Yes, academe is in my blood…
That’s why I will take issue with two statements that appear in the piece. They come from both sides of the open access debate: the academics and the publishers. Let’s start with the academic perspective:
Prof. Guédon [professor of comparative literature at the University of Montreal ] predicts that attitude will change over the next five years as academics see the benefits of getting their work to a wider audience. “We don’t want to be in an ivory tower. We want to be relevant,” he says.
True. But open access is not a solution to the old problem of academic elitism and disengagement. Open access could improve academics’ work visibility beyond the ivory tower, but it probably won’t. People outside universities just aren’t interested in scholarship, and won’t be perusing SSRN, PLoS or PubMed Central on their lunch break.
The lesson: Access has nothing to do with relevance. Unless you write something The Public want to read, you stay in the ivory tower.
Even so, I can see some ways open access will encourage non-academics to use journals.
- Scholarship will transmute into culture. Journalists and authors will have increased access to subjects of interest to them and their audiences. Whether or not academic work will receive shoddy interpretation in the popular press is another question entirely.
- Education will drive interest. As more and more people attend universities where professors introduce students to open access resources, the ease of research will encourage graduates to consult topics of interest to them.
- Open access gives authors incentive to write on topics of wider interest. Public access to journals is an open door. Invite people inside. Do this by framing research within controversies, because conflict is inherently interesting. Do it by writing approachable prose.

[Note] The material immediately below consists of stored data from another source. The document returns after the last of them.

(* Let $\mathcal{S}$ be a periodic symbol sequence of period $n$. Suppose $I-M_{\mathcal{S}^{\overline0}}$ is nonsingular, $I-M_{\mathcal{S}}$ and $P_{\mathcal{S}}$ are singular, $\mu\ne0$, and $\varrho^{\mathsf T}B\ne0$. Then $P_{\mathcal{S}^{(i)}}$ is singular for all $i$.
   Context: $A_L,A_R$ are real $N\times N$ matrices ($N\ge2$) with $A_R=A_L+Ce_1^{\mathsf T}$ for some $C\in\mathbb{R}^N$; $B\in\mathbb{R}^N$, $\mu\in\mathbb{R}$; $\varrho^{\mathsf T}=e_1^{\mathsf T}\mathrm{adj}(I-A_L)$. A periodic sequence $\mathcal{S}:\mathbb{Z}\to\{L,R\}$ of period $n$ is identified with $\mathcal{S}_0\cdots\mathcal{S}_{n-1}$; $\mathcal{S}^{(i)}_j=\mathcal{S}_{i+j}$; $\mathcal{S}^{\overline0}$ differs from $\mathcal{S}$ exactly at indices $\equiv0\pmod n$. $M_{\mathcal{S}}=A_{\mathcal{S}_{n-1}}\cdots A_{\mathcal{S}_0}$ and $P_{\mathcal{S}}=I+A_{\mathcal{S}_{n-1}}+A_{\mathcal{S}_{n-1}}A_{\mathcal{S}_{n-2}}+\cdots+A_{\mathcal{S}_{n-1}}\cdots A_{\mathcal{S}_1}$. *)

theory Defs
  imports "Jordan_Normal_Form.Determinant"
begin

datatype side = L | R

fun other :: "side \<Rightarrow> side" where
  "other L = R" | "other R = L"

definition Amat :: "'a mat \<Rightarrow> 'a mat \<Rightarrow> side \<Rightarrow> 'a mat" where
  "Amat AL AR s = (case s of L \<Rightarrow> AL | R \<Rightarrow> AR)"

fun prodseq :: "nat \<Rightarrow> real mat \<Rightarrow> real mat \<Rightarrow> (int \<Rightarrow> side) \<Rightarrow> nat \<Rightarrow> real mat" where
  "prodseq N AL AR S 0 = 1\<^sub>m N"
| "prodseq N AL AR S (Suc k) = Amat AL AR (S (int k)) * prodseq N AL AR S k"

definition Mmat :: "nat \<Rightarrow> real mat \<Rightarrow> real mat \<Rightarrow> (int \<Rightarrow> side) \<Rightarrow> nat \<Rightarrow> real mat" where
  "Mmat N AL AR S n = prodseq N AL AR S n"

fun tailprod :: "nat \<Rightarrow> real mat \<Rightarrow> real mat \<Rightarrow> (int \<Rightarrow> side) \<Rightarrow> nat \<Rightarrow> nat \<Rightarrow> real mat" where
  "tailprod N AL AR S n 0 = 1\<^sub>m N"
| "tailprod N AL AR S n (Suc j) = tailprod N AL AR S n j * Amat AL AR (S (int n - 1 - int j))"

fun Psum :: "nat \<Rightarrow> real mat \<Rightarrow> real mat \<Rightarrow> (int \<Rightarrow> side) \<Rightarrow> nat \<Rightarrow> nat \<Rightarrow> real mat" where
  "Psum N AL AR S n 0 = 0\<^sub>m N N"
| "Psum N AL AR S n (Suc k) = Psum N AL AR S n k + tailprod N AL AR S n k"

text \<open>P_S = I + A_{S_{n-1}} + A_{S_{n-1}} A_{S_{n-2}} + ... + A_{S_{n-1}} ... A_{S_1}\<close>
definition Pmat :: "nat \<Rightarrow> real mat \<Rightarrow> real mat \<Rightarrow> (int \<Rightarrow> side) \<Rightarrow> nat \<Rightarrow> real mat" where
  "Pmat N AL AR S n = Psum N AL AR S n n"

definition shift :: "(int \<Rightarrow> side) \<Rightarrow> int \<Rightarrow> (int \<Rightarrow> side)" where
  "shift S i = (\<lambda>j. S (i + j))"

definition flip0 :: "nat \<Rightarrow> (int \<Rightarrow> side) \<Rightarrow> (int \<Rightarrow> side)" where
  "flip0 n S = (\<lambda>j. if j mod int n = 0 then other (S j) else S j)"

end

theory Submission
  imports Defs
begin

(*
  Since A_R - A_L is supported on the first column, the matrices I - M_S and I - M_S' (S' being S
  flipped at the multiples of n) differ only in their first column, and telescoping shows the same
  for P_S (I - A_L) and I - M_S. For the singular matrix G = (I - M_S')^-1 P_S this forces every
  left null vector of G to be a multiple of e_1, so the first row of G vanishes and
  (I - M_S) G = (I - M_S') G = P_S.
  The property "I - M_T is singular and P_T = (I - M_T) X for some X" passes from T to its shift
  by one: if M_T = Q A and P_T = P' + Q with A = A_(T_0), then the shift has M = A Q and
  P = I + A P', and (I - A Q) (A X + I) = I + A P'. Hence det P = det (I - M) * det X = 0 for
  every shift of S.
*)

definition agree_off_col0 :: "nat \<Rightarrow> 'a mat \<Rightarrow> 'a mat \<Rightarrow> bool" where
  "agree_off_col0 N X Y \<longleftrightarrow> (\<forall>i<N. \<forall>j<N. j \<noteq> 0 \<longrightarrow> X $$ (i, j) = Y $$ (i, j))"

lemma agree_off_col0_refl: "agree_off_col0 N X X"
  by (simp add: agree_off_col0_def)

lemma agree_off_col0_sym: "agree_off_col0 N X Y \<Longrightarrow> agree_off_col0 N Y X"
  by (simp add: agree_off_col0_def)

lemma agree_off_col0_trans:
  "agree_off_col0 N X Y \<Longrightarrow> agree_off_col0 N Y Z \<Longrightarrow> agree_off_col0 N X Z"
  by (simp add: agree_off_col0_def)

lemma agree_off_col0_add:
  assumes "X \<in> carrier_mat N N" "Y \<in> carrier_mat N N" "X' \<in> carrier_mat N N" "Y' \<in> carrier_mat N N"
    and "agree_off_col0 N X Y" "agree_off_col0 N X' Y'"
  shows "agree_off_col0 N (X + X') ((Y :: 'a :: plus mat) + Y')"
  using assms unfolding agree_off_col0_def by auto

lemma agree_off_col0_one_minus:
  assumes "X \<in> carrier_mat N N" "Y \<in> carrier_mat N N" "agree_off_col0 N X Y"
  shows "agree_off_col0 N (1\<^sub>m N - X) (1\<^sub>m N - (Y :: 'a :: ring_1 mat))"
  using assms unfolding agree_off_col0_def by auto

lemma agree_off_col0_mult_left:
  assumes "Q \<in> carrier_mat N N" "X \<in> carrier_mat N N" "Y \<in> carrier_mat N N"
    and "agree_off_col0 N X Y"
  shows "agree_off_col0 N (Q * X) (Q * (Y :: 'a :: semiring_0 mat))"
  unfolding agree_off_col0_def
proof (intro allI impI)
  fix i j assume ij: "i < N" "j < N" "j \<noteq> 0"
  have "col X j = col Y j"
    using assms ij unfolding agree_off_col0_def by (intro eq_vecI) auto
  then show "(Q * X) $$ (i, j) = (Q * Y) $$ (i, j)"
    using assms ij by simp
qed

lemma agree_off_col0_mult_right:
  assumes "K \<in> carrier_mat N N" "K' \<in> carrier_mat N N" "G \<in> carrier_mat N N"
    and "agree_off_col0 N K K'" and "row G 0 = 0\<^sub>v N"
  shows "K * G = K' * (G :: 'a :: semiring_0 mat)"
proof (rule eq_matI)
  fix i j assume "i < dim_row (K' * G)" "j < dim_col (K' * G)"
  then have ij: "i < N" "j < N" using assms by auto
  have G0: "G $$ (0, j) = 0"
    using arg_cong[OF assms(5), of "\<lambda>v. v $ j"] assms(3) ij by simp
  have "K $$ (i, k) * G $$ (k, j) = K' $$ (i, k) * G $$ (k, j)" if "k < N" for k
    using G0 assms(4) ij that unfolding agree_off_col0_def by (cases "k = 0") auto
  then have "(\<Sum>k<N. K $$ (i, k) * G $$ (k, j)) = (\<Sum>k<N. K' $$ (i, k) * G $$ (k, j))"
    by simp
  then show "(K * G) $$ (i, j) = (K' * G) $$ (i, j)"
    using assms ij by (simp add: scalar_prod_def lessThan_atLeast0)
qed (use assms in auto)

lemma singular_imp_left_null_vector:
  fixes G :: "'a :: idom mat"
  assumes "G \<in> carrier_mat N N" "det G = 0"
  obtains z where "z \<in> carrier_vec N" "z \<noteq> 0\<^sub>v N" "transpose_mat G *\<^sub>v z = 0\<^sub>v N"
proof -
  have "det (transpose_mat G) = 0"
    using assms by (simp add: det_transpose)
  then show ?thesis
    using that det_0_iff_vec_prod_zero[of "transpose_mat G" N] assms(1) by auto
qed

lemma row0_zero_if_singular_agree_one:
  fixes G X :: "'a :: idom mat"
  assumes G: "G \<in> carrier_mat N N" and X: "X \<in> carrier_mat N N" and "0 < N"
    and "det G = 0" and agree: "agree_off_col0 N (G * X) (1\<^sub>m N)"
  shows "row G 0 = 0\<^sub>v N"
proof -
  obtain z where z: "z \<in> carrier_vec N" "z \<noteq> 0\<^sub>v N" "transpose_mat G *\<^sub>v z = 0\<^sub>v N"
    using singular_imp_left_null_vector[OF G \<open>det G = 0\<close>] .
  have "transpose_mat (G * X) *\<^sub>v z = transpose_mat X *\<^sub>v (transpose_mat G *\<^sub>v z)"
    using G X z by (simp add: transpose_mult[OF G X])
  also have "\<dots> = 0\<^sub>v N"
    using X z by (intro eq_vecI) auto
  finally have GXz: "transpose_mat (G * X) *\<^sub>v z = 0\<^sub>v N" .
  have z_off0: "z $ j = 0" if j: "j < N" "j \<noteq> 0" for j
  proof -
    have "col (G * X) j = unit_vec N j"
      using agree j G X unfolding agree_off_col0_def by (intro eq_vecI) auto
    then have "(transpose_mat (G * X) *\<^sub>v z) $ j = z $ j"
      using j G X z by simp
    then show ?thesis
      using GXz j by simp
  qed
  then have z_unit: "z = z $ 0 \<cdot>\<^sub>v unit_vec N 0"
    using z \<open>0 < N\<close> by (intro eq_vecI) (auto simp: unit_vec_def)
  with z have "z $ 0 \<noteq> 0"
    by auto
  moreover have "z $ 0 * G $$ (0, j) = 0" if "j < N" for j
  proof -
    have "z $ 0 * G $$ (0, j) = col G j \<bullet> z"
      using G that \<open>0 < N\<close> by (subst z_unit) simp
    also have "\<dots> = 0"
      using arg_cong[OF z(3), of "\<lambda>v. v $ j"] G that by simp
    finally show ?thesis .
  qed
  ultimately show ?thesis
    using G \<open>0 < N\<close> by (intro eq_vecI) auto
qed

lemma solvable_if_agree_off_col0_invertible:
  fixes K K' P X :: "'a :: field mat"
  assumes K: "K \<in> carrier_mat N N" and K': "K' \<in> carrier_mat N N"
    and P: "P \<in> carrier_mat N N" and X: "X \<in> carrier_mat N N" and "0 < N"
    and agree_K: "agree_off_col0 N K K'" and "det K' \<noteq> 0" and "det P = 0"
    and agree_PX: "agree_off_col0 N (P * X) K"
  obtains G where "G \<in> carrier_mat N N" "K * G = P"
proof -
  obtain J where J: "J \<in> carrier_mat N N" "J * K' = 1\<^sub>m N" "K' * J = 1\<^sub>m N"
    using det_non_zero_imp_unit[OF K' \<open>det K' \<noteq> 0\<close>, of "()"]
    unfolding Units_def ring_mat_def by auto
  define G where "G = J * P"
  have G: "G \<in> carrier_mat N N"
    using J P by (simp add: G_def)
  have "det G = 0"
    using J P \<open>det P = 0\<close> by (simp add: G_def det_mult)
  moreover have "agree_off_col0 N (G * X) (1\<^sub>m N)"
  proof -
    have "agree_off_col0 N (J * (P * X)) (J * K')"
      using J P X K K' agree_PX agree_K
      by (intro agree_off_col0_mult_left) (auto intro: agree_off_col0_trans)
    then show ?thesis
      using J P X by (simp add: G_def)
  qed
  ultimately have "row G 0 = 0\<^sub>v N"
    using row0_zero_if_singular_agree_one[OF G X \<open>0 < N\<close>] by blast
  then have "K * G = K' * G"
    by (rule agree_off_col0_mult_right[OF K K' G agree_K])
  also have "\<dots> = P"
    using J P K' by (simp add: G_def assoc_mult_mat[OF K' J(1) P, symmetric])
  finally show ?thesis
    using that G by blast
qed

lemma one_minus_mult_intertwine:
  fixes Q A :: "'a :: ring_1 mat"
  assumes "Q \<in> carrier_mat N N" "A \<in> carrier_mat N N"
  shows "(1\<^sub>m N - A * Q) * A = A * (1\<^sub>m N - Q * A)"
proof -
  have "(1\<^sub>m N - A * Q) * A = A - A * Q * A"
    using assms by (simp add: minus_mult_distrib_mat[of _ N N])
  also have "\<dots> = A * (1\<^sub>m N - Q * A)"
    using assms
    by (simp add: mult_minus_distrib_mat[OF assms(2) one_carrier_mat mult_carrier_mat[OF assms]])
  finally show ?thesis .
qed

Do it by connecting your esoteric subject to a genuinely important question. Communicating why you love your subject can’t hurt.
Now it’s the publisher’s turn:
Mr. Velterop [director of open access for Springer] insists that open access will never have the clout of traditional houses. It’s like the difference between a Marks & Spencer suit and an Armani, he argues – journals cost a lot because the peer-review process is expensive, time-consuming and complicated.
The dinosaur publishers are right to be worried. They have a losing business model relying on the clout and prestige of brand names – a losing strategy when an academic can get their stamp of approval from a recognized alternative of similar quality. Reputations change as traditions wither and are replaced. How appropriate, then, that the publisher would turn to the fashion world for an analogy.